WHAT IS BEING ASKED :: Please give back only the lines below from the one containing "obtains a b" to the one containing "c) = (\<Sum>k<N.", each repeated word for word, both ends included.

(Dataset excerpts)

========

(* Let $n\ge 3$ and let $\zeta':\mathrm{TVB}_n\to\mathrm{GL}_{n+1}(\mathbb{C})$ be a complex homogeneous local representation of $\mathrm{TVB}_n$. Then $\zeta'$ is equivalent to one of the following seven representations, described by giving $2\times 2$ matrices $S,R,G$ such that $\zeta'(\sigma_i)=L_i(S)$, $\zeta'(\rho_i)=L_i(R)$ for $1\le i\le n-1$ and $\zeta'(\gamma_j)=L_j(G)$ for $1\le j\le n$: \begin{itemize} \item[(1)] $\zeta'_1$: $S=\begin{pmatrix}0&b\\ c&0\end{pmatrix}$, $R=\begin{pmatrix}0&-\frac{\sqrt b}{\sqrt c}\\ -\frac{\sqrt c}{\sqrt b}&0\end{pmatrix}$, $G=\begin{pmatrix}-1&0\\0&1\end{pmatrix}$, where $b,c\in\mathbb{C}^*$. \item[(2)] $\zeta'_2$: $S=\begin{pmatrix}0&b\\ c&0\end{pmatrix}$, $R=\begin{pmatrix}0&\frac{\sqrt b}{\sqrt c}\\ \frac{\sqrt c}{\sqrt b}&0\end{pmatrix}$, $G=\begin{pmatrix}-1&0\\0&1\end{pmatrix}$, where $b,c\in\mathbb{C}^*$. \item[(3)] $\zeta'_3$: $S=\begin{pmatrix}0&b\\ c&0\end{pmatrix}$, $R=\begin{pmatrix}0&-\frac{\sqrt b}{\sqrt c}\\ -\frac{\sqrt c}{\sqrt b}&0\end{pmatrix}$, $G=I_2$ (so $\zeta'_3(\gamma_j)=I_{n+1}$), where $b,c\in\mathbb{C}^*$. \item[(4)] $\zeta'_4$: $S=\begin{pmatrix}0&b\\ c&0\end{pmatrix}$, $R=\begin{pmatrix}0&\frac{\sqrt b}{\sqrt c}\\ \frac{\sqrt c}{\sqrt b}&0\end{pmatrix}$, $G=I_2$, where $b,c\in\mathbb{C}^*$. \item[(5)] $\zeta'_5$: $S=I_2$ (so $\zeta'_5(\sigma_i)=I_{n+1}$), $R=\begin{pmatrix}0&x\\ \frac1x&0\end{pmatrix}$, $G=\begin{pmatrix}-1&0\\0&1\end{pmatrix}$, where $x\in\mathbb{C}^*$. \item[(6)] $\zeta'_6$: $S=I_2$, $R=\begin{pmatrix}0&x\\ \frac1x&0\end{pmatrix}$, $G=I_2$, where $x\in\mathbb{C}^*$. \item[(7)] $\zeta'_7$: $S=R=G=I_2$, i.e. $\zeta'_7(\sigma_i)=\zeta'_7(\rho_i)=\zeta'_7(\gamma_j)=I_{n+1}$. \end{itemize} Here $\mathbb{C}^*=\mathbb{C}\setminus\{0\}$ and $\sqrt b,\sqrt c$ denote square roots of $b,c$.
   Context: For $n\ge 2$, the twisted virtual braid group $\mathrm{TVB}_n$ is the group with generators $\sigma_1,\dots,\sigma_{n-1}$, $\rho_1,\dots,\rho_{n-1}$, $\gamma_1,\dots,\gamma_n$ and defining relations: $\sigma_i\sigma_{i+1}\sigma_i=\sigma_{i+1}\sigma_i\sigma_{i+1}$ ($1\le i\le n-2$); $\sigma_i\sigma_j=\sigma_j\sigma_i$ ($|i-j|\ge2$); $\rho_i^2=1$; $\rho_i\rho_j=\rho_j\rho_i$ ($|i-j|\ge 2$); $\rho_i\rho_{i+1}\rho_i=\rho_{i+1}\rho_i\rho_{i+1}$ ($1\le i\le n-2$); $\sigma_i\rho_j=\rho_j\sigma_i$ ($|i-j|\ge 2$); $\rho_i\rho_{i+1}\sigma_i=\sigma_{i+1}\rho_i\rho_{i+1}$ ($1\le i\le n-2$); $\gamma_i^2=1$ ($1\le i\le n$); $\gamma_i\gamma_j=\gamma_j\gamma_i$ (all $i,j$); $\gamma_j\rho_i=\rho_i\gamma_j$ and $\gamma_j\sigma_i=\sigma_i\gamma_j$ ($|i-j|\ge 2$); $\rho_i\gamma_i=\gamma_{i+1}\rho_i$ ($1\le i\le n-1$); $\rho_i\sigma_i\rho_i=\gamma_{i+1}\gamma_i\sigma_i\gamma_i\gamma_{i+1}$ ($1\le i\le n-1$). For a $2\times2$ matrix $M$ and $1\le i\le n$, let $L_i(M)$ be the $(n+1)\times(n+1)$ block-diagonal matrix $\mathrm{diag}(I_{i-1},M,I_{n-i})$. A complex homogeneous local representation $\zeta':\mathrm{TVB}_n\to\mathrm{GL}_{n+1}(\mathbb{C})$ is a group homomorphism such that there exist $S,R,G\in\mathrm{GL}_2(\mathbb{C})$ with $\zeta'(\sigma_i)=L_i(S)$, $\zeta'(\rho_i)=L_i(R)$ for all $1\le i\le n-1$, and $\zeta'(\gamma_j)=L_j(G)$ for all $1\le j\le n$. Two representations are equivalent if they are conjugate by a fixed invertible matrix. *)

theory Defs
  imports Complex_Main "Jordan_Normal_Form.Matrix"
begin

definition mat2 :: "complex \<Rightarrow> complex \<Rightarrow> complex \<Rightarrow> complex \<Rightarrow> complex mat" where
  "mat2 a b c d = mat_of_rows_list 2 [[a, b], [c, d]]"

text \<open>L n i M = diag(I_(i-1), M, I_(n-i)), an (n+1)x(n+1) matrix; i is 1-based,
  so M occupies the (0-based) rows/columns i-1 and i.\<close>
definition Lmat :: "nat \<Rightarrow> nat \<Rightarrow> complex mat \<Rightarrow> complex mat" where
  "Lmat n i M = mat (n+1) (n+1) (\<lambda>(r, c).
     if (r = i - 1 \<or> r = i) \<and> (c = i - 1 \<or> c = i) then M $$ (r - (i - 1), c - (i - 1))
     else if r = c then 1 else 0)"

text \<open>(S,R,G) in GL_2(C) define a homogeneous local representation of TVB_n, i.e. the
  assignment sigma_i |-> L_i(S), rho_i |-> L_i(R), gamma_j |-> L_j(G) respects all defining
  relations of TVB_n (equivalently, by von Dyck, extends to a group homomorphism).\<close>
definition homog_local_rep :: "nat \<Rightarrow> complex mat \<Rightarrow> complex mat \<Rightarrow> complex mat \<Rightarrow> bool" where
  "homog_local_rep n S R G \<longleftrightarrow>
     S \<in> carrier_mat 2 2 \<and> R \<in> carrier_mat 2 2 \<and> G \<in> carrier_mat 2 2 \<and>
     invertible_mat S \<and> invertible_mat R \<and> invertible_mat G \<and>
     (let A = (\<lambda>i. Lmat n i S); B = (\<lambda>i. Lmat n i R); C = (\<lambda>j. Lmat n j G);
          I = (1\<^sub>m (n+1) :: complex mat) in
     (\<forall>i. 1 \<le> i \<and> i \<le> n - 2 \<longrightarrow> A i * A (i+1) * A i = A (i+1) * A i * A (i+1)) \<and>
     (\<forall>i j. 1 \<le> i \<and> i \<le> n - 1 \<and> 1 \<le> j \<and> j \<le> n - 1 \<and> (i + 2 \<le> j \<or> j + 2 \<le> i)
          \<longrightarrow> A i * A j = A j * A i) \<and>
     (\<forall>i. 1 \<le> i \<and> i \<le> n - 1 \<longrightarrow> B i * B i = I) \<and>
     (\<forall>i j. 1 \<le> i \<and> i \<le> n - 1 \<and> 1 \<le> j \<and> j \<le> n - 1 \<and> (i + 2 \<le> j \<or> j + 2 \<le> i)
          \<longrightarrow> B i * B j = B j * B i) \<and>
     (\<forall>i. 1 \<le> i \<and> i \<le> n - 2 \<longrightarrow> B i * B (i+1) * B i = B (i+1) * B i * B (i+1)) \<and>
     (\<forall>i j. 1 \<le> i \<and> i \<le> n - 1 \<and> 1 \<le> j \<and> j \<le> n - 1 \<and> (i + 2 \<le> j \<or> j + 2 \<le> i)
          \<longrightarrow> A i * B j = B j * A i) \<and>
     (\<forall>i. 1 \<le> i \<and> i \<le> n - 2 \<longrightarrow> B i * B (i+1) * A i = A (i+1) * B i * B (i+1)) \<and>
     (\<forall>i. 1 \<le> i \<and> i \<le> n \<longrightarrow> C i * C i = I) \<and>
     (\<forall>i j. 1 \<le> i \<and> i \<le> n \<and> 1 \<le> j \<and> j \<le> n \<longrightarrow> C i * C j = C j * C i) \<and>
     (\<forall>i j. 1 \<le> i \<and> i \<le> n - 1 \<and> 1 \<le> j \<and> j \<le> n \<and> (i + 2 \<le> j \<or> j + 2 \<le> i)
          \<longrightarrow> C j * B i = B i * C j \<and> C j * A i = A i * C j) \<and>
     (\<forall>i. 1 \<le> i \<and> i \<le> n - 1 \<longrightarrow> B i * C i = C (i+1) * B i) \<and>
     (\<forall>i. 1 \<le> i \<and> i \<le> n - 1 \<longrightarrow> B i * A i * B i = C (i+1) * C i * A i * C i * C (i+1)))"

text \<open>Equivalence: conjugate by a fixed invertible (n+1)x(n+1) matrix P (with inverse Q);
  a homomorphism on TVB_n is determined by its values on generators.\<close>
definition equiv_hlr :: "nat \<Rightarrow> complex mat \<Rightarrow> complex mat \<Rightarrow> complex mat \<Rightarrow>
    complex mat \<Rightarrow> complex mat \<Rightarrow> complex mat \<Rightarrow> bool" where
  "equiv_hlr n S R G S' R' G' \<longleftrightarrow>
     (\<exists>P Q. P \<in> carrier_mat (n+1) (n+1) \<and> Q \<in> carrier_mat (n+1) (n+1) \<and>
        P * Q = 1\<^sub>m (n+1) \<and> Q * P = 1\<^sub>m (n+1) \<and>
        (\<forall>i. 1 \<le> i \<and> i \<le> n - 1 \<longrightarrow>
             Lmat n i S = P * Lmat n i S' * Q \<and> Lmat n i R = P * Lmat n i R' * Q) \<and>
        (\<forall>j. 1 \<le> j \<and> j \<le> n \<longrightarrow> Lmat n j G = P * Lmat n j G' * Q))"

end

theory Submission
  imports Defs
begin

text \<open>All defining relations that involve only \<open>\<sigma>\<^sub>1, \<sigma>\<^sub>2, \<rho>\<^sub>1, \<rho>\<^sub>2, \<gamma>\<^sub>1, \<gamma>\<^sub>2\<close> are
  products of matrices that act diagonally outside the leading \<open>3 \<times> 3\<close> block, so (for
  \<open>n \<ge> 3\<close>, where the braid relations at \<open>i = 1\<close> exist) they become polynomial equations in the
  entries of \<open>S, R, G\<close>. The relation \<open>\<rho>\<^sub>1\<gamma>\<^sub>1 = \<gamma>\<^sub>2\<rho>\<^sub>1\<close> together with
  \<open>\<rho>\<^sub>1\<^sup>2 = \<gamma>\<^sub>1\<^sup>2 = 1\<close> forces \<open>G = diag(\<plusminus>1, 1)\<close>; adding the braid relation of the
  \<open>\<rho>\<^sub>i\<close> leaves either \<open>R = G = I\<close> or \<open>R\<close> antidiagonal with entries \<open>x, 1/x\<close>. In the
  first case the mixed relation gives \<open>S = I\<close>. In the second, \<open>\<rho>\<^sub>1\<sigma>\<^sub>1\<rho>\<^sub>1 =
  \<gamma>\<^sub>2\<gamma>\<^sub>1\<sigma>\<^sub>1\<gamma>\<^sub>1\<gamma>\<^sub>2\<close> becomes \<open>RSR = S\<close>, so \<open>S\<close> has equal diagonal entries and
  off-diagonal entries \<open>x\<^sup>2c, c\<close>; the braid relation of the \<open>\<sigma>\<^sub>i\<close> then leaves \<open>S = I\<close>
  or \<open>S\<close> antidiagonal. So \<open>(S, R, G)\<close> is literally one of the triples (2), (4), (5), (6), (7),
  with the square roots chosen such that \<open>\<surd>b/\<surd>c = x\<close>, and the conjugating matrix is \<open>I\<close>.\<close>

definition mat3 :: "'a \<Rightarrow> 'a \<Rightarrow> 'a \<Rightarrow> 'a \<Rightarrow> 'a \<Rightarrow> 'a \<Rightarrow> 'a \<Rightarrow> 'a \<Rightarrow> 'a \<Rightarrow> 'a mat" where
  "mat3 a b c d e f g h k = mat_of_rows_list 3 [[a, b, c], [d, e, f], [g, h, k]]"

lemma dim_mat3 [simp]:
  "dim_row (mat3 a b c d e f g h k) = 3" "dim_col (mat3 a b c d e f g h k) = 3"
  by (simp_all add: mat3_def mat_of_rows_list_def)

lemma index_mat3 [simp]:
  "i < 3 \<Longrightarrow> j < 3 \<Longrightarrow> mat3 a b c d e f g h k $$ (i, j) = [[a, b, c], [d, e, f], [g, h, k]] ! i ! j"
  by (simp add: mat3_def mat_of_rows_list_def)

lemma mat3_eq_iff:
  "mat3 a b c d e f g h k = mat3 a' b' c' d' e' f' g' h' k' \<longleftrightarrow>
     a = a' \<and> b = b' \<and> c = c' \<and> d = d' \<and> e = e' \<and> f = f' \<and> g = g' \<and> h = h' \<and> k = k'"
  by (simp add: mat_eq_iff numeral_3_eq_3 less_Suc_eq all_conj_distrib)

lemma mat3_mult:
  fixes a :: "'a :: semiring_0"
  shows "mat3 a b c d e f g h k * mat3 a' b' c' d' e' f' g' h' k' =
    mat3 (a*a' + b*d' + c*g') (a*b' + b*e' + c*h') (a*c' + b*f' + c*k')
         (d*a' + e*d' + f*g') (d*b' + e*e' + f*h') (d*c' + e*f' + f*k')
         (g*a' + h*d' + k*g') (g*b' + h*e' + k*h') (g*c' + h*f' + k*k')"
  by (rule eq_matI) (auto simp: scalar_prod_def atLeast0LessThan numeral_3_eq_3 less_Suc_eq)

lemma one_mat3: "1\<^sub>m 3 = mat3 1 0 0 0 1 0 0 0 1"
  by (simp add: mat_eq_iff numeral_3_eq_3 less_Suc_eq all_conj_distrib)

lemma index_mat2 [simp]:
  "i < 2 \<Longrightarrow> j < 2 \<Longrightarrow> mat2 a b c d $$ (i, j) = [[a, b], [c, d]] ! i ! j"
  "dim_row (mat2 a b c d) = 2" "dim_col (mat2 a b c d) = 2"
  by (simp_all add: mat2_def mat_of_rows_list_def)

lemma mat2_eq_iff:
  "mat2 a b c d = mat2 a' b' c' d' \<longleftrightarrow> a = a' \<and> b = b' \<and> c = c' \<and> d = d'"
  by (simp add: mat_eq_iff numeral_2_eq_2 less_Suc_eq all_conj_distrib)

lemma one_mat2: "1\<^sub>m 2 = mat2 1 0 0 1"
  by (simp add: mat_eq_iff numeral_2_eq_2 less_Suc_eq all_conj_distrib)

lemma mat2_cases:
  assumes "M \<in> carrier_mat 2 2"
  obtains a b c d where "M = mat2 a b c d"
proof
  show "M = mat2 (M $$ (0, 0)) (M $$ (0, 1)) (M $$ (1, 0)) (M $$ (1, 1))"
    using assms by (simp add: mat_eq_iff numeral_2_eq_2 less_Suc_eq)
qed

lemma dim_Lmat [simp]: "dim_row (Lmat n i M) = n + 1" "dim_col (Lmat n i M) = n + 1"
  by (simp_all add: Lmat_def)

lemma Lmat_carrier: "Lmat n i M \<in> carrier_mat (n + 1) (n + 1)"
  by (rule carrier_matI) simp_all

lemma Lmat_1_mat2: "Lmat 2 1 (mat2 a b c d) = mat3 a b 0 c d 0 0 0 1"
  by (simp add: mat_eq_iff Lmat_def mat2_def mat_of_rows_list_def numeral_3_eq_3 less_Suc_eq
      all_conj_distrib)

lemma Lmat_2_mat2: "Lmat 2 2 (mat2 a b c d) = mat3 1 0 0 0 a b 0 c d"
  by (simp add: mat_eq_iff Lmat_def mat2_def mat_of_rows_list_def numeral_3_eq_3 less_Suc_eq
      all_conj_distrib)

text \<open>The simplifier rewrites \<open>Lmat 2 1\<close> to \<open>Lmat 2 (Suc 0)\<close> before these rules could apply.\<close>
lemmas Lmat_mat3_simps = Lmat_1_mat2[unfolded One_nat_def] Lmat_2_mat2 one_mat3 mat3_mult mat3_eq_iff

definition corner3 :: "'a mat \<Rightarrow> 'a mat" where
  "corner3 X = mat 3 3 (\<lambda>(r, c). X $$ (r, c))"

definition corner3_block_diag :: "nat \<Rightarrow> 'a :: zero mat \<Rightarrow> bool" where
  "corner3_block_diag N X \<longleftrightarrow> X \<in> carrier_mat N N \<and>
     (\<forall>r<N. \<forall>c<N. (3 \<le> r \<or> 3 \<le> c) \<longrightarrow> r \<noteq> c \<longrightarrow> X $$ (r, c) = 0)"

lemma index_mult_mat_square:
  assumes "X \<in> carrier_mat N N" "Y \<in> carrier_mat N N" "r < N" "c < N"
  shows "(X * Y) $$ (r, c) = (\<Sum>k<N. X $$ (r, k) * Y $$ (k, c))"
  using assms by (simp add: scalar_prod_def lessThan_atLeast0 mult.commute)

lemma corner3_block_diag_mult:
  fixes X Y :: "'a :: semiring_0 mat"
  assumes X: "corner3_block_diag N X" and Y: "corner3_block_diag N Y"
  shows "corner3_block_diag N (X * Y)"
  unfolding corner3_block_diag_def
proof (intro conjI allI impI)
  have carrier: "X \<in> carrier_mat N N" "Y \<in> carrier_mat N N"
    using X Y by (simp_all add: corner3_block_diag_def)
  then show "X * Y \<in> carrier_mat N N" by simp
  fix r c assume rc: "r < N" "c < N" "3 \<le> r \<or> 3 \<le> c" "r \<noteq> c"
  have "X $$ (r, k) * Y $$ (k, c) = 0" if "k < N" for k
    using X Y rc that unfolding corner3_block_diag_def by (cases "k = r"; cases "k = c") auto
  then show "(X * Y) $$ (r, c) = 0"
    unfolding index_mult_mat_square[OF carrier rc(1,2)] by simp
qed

========

EXERCISE OUTPUT ::
  obtains a b c d where "M = mat2 a b c d"
proof
  show "M = mat2 (M $$ (0, 0)) (M $$ (0, 1)) (M $$ (1, 0)) (M $$ (1, 1))"
    using assms by (simp add: mat_eq_iff numeral_2_eq_2 less_Suc_eq)
qed

lemma dim_Lmat [simp]: "dim_row (Lmat n i M) = n + 1" "dim_col (Lmat n i M) = n + 1"
  by (simp_all add: Lmat_def)

lemma Lmat_carrier: "Lmat n i M \<in> carrier_mat (n + 1) (n + 1)"
  by (rule carrier_matI) simp_all

lemma Lmat_1_mat2: "Lmat 2 1 (mat2 a b c d) = mat3 a b 0 c d 0 0 0 1"
  by (simp add: mat_eq_iff Lmat_def mat2_def mat_of_rows_list_def numeral_3_eq_3 less_Suc_eq
      all_conj_distrib)

lemma Lmat_2_mat2: "Lmat 2 2 (mat2 a b c d) = mat3 1 0 0 0 a b 0 c d"
  by (simp add: mat_eq_iff Lmat_def mat2_def mat_of_rows_list_def numeral_3_eq_3 less_Suc_eq
      all_conj_distrib)

text \<open>The simplifier rewrites \<open>Lmat 2 1\<close> to \<open>Lmat 2 (Suc 0)\<close> before these rules could apply.\<close>
lemmas Lmat_mat3_simps = Lmat_1_mat2[unfolded One_nat_def] Lmat_2_mat2 one_mat3 mat3_mult mat3_eq_iff

definition corner3 :: "'a mat \<Rightarrow> 'a mat" where
  "corner3 X = mat 3 3 (\<lambda>(r, c). X $$ (r, c))"

definition corner3_block_diag :: "nat \<Rightarrow> 'a :: zero mat \<Rightarrow> bool" where
  "corner3_block_diag N X \<longleftrightarrow> X \<in> carrier_mat N N \<and>
     (\<forall>r<N. \<forall>c<N. (3 \<le> r \<or> 3 \<le> c) \<longrightarrow> r \<noteq> c \<longrightarrow> X $$ (r, c) = 0)"

lemma index_mult_mat_square:
  assumes "X \<in> carrier_mat N N" "Y \<in> carrier_mat N N" "r < N" "c < N"
  shows "(X * Y) $$ (r, c) = (\<Sum>k<N. X $$ (r, k) * Y $$ (k, c))"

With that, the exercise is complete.